Records drawn from a dataset
■ ■ ■ ■

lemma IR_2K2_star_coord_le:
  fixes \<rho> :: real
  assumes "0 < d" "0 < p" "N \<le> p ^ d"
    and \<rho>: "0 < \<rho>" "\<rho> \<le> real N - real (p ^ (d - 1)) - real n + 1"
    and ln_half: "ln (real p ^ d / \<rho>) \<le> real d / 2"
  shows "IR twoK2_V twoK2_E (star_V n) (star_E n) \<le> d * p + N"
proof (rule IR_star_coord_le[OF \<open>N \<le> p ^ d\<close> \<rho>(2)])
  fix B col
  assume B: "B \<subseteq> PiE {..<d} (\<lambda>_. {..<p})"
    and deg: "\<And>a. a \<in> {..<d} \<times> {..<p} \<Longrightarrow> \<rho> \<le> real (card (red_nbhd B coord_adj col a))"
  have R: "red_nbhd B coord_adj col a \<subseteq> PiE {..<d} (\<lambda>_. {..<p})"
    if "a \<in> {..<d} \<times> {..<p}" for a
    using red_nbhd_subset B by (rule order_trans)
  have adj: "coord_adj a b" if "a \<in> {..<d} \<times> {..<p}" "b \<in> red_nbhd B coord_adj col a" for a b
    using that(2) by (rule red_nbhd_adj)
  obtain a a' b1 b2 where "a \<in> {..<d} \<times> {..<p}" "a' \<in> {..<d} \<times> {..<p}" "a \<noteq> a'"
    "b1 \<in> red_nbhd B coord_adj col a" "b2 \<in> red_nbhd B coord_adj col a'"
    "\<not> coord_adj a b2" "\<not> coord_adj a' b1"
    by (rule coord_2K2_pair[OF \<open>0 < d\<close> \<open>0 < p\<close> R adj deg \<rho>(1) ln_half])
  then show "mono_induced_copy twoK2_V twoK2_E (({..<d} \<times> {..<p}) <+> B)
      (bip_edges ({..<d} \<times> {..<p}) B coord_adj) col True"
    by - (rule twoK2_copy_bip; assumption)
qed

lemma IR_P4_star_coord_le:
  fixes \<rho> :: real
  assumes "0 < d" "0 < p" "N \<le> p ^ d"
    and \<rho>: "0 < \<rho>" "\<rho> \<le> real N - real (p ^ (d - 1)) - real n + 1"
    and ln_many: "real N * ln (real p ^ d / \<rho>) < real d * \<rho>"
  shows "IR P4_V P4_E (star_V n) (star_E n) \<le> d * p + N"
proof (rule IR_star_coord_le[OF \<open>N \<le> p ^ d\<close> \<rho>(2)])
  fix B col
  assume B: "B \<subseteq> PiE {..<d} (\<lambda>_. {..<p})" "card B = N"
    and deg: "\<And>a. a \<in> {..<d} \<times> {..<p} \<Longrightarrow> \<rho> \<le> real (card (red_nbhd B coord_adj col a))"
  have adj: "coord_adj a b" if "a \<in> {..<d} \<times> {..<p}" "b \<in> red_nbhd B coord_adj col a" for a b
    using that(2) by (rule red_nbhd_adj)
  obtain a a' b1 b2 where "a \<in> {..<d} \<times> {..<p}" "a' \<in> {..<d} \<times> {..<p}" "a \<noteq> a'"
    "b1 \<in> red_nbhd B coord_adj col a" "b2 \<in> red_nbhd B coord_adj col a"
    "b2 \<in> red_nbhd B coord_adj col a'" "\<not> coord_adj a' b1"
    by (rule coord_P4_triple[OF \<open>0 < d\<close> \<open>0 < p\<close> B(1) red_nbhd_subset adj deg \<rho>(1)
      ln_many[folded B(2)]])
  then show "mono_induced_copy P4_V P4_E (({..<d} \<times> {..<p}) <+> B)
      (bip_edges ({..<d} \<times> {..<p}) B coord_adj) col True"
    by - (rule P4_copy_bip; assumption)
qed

■ ■ ■ ■

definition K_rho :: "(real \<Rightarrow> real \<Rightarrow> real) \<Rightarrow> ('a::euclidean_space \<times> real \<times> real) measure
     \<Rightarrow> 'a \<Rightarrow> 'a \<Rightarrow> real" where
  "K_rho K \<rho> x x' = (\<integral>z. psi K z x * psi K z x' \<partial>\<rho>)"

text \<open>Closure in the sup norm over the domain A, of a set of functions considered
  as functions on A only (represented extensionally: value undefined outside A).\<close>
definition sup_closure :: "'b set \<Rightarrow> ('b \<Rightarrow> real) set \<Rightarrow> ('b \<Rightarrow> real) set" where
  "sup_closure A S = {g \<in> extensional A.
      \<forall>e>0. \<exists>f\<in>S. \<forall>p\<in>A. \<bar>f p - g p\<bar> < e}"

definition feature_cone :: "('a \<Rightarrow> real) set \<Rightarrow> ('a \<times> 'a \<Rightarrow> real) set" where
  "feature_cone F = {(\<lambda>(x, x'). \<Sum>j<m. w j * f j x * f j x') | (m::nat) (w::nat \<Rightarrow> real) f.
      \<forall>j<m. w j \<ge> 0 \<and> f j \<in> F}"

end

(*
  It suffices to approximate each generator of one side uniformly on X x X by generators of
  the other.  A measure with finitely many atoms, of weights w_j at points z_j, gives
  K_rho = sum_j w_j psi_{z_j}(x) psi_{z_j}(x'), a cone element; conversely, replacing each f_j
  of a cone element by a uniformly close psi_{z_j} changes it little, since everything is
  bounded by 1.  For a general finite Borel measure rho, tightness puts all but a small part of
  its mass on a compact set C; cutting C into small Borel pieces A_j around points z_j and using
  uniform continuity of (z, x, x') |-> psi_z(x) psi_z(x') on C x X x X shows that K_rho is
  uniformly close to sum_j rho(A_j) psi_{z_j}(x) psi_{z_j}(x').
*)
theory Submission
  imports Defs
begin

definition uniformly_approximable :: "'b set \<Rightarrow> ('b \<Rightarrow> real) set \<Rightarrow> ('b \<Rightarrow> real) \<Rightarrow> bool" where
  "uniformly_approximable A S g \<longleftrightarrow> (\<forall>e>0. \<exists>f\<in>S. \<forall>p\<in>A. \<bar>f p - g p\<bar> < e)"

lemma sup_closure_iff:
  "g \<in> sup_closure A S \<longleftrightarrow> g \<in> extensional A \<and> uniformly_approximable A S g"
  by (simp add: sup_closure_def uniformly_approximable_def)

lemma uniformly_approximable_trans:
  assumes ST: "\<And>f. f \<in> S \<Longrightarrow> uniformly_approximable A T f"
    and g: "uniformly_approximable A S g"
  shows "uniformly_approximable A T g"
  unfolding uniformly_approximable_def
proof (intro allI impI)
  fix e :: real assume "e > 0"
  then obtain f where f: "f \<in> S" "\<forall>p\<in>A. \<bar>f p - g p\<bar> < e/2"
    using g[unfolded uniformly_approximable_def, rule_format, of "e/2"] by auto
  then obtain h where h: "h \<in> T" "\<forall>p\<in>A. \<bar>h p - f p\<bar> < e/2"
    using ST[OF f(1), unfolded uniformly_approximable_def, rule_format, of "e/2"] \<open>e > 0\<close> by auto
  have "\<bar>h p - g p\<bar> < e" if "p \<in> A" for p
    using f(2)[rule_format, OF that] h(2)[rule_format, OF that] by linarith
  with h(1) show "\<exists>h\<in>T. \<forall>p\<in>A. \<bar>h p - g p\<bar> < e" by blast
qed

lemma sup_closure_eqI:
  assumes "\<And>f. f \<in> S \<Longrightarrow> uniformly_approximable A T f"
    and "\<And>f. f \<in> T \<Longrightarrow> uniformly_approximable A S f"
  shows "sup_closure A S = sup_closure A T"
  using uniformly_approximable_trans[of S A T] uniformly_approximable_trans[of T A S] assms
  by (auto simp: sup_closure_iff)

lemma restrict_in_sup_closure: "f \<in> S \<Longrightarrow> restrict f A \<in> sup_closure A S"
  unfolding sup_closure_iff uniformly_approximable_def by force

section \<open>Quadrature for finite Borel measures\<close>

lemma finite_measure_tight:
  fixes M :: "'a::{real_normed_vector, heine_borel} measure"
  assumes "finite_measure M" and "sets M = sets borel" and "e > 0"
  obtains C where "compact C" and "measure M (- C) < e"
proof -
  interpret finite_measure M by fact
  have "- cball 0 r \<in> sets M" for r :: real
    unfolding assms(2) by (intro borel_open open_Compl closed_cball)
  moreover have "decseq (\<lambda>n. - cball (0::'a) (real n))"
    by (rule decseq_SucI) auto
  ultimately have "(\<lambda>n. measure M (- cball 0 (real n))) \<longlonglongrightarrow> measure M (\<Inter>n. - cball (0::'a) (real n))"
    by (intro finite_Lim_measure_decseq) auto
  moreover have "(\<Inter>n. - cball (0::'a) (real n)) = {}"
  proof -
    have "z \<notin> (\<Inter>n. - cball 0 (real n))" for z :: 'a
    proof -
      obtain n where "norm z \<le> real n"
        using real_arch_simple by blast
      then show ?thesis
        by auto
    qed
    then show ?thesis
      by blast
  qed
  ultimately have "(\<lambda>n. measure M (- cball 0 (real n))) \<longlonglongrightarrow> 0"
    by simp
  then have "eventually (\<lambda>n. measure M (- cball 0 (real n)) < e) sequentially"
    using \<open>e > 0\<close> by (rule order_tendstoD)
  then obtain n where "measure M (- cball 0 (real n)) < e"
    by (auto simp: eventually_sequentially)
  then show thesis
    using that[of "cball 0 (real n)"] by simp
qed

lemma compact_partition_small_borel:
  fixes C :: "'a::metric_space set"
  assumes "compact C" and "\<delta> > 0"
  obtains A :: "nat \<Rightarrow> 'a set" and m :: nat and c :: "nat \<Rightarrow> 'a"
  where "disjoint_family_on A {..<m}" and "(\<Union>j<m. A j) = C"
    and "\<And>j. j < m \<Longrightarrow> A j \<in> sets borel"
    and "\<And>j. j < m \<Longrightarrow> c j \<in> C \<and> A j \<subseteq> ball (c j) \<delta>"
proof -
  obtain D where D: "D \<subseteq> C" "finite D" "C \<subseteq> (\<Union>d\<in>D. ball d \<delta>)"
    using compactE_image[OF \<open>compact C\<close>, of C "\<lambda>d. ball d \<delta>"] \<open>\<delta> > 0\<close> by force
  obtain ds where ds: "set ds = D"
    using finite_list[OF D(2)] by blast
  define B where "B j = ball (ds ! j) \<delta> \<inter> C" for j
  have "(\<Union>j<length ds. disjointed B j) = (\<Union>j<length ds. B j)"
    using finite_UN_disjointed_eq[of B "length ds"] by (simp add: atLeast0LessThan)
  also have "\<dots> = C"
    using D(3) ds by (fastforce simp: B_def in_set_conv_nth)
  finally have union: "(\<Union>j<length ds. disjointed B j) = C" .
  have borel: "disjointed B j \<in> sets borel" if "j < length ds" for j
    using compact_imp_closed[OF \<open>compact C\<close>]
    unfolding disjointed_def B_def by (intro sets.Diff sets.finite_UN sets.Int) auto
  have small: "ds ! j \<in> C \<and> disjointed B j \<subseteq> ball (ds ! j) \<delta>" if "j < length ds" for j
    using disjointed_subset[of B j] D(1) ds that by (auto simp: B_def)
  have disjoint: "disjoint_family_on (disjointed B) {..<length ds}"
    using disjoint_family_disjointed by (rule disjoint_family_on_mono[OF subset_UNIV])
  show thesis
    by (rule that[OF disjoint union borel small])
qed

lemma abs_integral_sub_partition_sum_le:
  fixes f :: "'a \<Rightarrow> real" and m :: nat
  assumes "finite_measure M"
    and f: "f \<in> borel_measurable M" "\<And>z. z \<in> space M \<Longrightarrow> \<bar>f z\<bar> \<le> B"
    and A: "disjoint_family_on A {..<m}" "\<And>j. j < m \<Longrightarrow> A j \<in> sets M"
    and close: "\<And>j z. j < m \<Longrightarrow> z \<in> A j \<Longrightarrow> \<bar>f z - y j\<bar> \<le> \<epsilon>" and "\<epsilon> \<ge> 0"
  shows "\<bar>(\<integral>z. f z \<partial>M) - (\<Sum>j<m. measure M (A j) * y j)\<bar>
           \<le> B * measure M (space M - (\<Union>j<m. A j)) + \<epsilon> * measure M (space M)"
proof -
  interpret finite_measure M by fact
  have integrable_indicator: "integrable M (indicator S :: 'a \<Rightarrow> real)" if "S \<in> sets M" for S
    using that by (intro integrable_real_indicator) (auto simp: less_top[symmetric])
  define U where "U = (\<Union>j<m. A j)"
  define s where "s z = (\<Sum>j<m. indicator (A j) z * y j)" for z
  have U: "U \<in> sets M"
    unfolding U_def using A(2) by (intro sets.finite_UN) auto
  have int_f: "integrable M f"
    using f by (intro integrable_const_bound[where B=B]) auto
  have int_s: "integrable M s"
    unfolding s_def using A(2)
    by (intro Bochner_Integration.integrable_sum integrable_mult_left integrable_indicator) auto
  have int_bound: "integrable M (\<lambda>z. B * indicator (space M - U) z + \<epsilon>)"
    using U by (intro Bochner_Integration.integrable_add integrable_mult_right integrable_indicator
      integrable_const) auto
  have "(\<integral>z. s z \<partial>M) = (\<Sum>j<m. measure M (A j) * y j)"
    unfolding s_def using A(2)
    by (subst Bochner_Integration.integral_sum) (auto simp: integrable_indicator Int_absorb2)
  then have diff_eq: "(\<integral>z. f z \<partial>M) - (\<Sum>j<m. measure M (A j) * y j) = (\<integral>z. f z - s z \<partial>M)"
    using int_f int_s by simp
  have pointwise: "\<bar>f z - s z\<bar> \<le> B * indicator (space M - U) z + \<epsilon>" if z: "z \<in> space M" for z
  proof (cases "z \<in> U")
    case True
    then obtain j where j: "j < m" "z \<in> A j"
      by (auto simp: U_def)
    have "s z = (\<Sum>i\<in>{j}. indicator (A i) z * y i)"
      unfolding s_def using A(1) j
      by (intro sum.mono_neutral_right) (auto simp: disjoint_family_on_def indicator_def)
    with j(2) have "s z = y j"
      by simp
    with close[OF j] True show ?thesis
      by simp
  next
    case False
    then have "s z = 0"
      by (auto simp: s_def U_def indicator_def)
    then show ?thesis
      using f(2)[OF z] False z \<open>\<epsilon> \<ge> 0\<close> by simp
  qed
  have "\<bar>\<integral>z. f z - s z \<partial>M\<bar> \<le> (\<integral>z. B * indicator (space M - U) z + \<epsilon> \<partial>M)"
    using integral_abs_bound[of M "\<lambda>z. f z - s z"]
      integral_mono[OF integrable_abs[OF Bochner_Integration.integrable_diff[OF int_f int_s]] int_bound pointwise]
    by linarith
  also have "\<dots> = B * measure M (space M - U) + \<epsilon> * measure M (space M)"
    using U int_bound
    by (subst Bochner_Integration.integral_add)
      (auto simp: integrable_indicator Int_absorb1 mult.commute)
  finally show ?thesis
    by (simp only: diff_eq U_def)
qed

■ ■ ■ ■

(Instructions for the task) All lines above from the one with "j) = (\<integral>z." to the one with "by (auto simp: U_def)", inclusive, should be copied exactly, and no other lines.

(Answer)
  then have diff_eq: "(\<integral>z. f z \<partial>M) - (\<Sum>j<m. measure M (A j) * y j) = (\<integral>z. f z - s z \<partial>M)"
    using int_f int_s by simp
  have pointwise: "\<bar>f z - s z\<bar> \<le> B * indicator (space M - U) z + \<epsilon>" if z: "z \<in> space M" for z
  proof (cases "z \<in> U")
    case True
    then obtain j where j: "j < m" "z \<in> A j"
      by (auto simp: U_def)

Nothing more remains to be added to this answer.